» Task statement: Select every line containing the word "exists" from the material, and copy those lines.

>>>>>

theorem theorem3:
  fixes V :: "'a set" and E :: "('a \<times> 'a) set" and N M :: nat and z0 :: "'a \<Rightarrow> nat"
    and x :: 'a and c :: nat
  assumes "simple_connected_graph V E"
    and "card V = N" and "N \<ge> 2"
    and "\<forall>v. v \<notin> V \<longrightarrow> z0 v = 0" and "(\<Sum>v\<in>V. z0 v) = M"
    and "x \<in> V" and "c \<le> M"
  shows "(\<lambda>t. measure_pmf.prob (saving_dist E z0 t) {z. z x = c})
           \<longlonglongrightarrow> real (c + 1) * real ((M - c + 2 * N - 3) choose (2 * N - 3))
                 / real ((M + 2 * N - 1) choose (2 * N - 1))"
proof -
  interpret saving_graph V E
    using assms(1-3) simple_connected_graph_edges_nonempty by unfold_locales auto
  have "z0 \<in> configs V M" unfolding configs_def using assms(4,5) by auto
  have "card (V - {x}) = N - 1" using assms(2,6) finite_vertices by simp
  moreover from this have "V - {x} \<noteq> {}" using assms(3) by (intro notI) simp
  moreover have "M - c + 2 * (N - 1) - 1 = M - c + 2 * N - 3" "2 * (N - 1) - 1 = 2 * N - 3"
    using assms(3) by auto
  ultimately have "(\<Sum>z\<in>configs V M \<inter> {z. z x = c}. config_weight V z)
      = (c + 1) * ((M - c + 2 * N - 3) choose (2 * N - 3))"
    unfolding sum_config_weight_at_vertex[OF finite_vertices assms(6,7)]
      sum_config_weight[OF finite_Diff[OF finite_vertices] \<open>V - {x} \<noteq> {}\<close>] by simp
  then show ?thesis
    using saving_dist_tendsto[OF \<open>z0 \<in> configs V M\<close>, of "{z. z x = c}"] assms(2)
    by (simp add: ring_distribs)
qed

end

<<<<<
>>>>>

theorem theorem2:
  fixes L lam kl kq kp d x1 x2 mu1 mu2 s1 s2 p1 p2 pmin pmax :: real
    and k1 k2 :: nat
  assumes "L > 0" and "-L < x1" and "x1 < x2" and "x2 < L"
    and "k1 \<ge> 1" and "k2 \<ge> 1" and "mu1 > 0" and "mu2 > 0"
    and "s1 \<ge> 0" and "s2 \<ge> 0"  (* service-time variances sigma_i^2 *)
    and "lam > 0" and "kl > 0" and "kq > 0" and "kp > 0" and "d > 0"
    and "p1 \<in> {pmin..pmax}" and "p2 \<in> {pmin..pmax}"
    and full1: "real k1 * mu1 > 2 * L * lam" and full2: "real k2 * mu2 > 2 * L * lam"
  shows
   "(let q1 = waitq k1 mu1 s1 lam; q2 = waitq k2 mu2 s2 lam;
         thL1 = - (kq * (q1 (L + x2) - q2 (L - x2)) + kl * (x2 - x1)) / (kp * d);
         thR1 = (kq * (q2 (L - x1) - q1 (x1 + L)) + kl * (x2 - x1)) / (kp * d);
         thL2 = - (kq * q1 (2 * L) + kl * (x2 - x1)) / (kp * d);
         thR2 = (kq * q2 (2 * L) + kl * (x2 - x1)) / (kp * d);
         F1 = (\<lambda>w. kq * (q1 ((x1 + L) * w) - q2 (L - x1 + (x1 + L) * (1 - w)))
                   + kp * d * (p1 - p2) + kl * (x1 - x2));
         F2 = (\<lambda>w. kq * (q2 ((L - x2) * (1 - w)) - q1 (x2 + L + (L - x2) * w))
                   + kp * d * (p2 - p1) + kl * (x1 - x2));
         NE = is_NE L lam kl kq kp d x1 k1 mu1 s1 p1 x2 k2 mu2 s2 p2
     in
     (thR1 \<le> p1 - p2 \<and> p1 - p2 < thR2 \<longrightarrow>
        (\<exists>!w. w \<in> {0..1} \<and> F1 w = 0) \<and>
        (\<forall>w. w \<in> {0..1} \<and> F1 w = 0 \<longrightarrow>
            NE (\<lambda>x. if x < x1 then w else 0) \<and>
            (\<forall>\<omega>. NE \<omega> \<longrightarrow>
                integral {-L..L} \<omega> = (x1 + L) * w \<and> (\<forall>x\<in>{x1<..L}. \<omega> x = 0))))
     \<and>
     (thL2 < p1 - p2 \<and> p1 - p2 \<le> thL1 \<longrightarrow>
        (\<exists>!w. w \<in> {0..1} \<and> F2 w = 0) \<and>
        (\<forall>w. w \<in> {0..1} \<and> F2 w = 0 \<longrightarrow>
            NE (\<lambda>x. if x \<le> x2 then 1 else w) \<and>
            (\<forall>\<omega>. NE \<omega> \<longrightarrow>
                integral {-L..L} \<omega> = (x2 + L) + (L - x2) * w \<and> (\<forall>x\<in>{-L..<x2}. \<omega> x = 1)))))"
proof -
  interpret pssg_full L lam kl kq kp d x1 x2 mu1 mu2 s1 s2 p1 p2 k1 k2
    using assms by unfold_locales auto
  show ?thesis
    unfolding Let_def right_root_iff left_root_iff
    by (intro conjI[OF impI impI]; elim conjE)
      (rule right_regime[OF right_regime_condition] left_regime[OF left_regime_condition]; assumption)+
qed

<<<<<

» Solved exercise:
        (\<exists>!w. w \<in> {0..1} \<and> F1 w = 0) \<and>
        (\<exists>!w. w \<in> {0..1} \<and> F2 w = 0) \<and>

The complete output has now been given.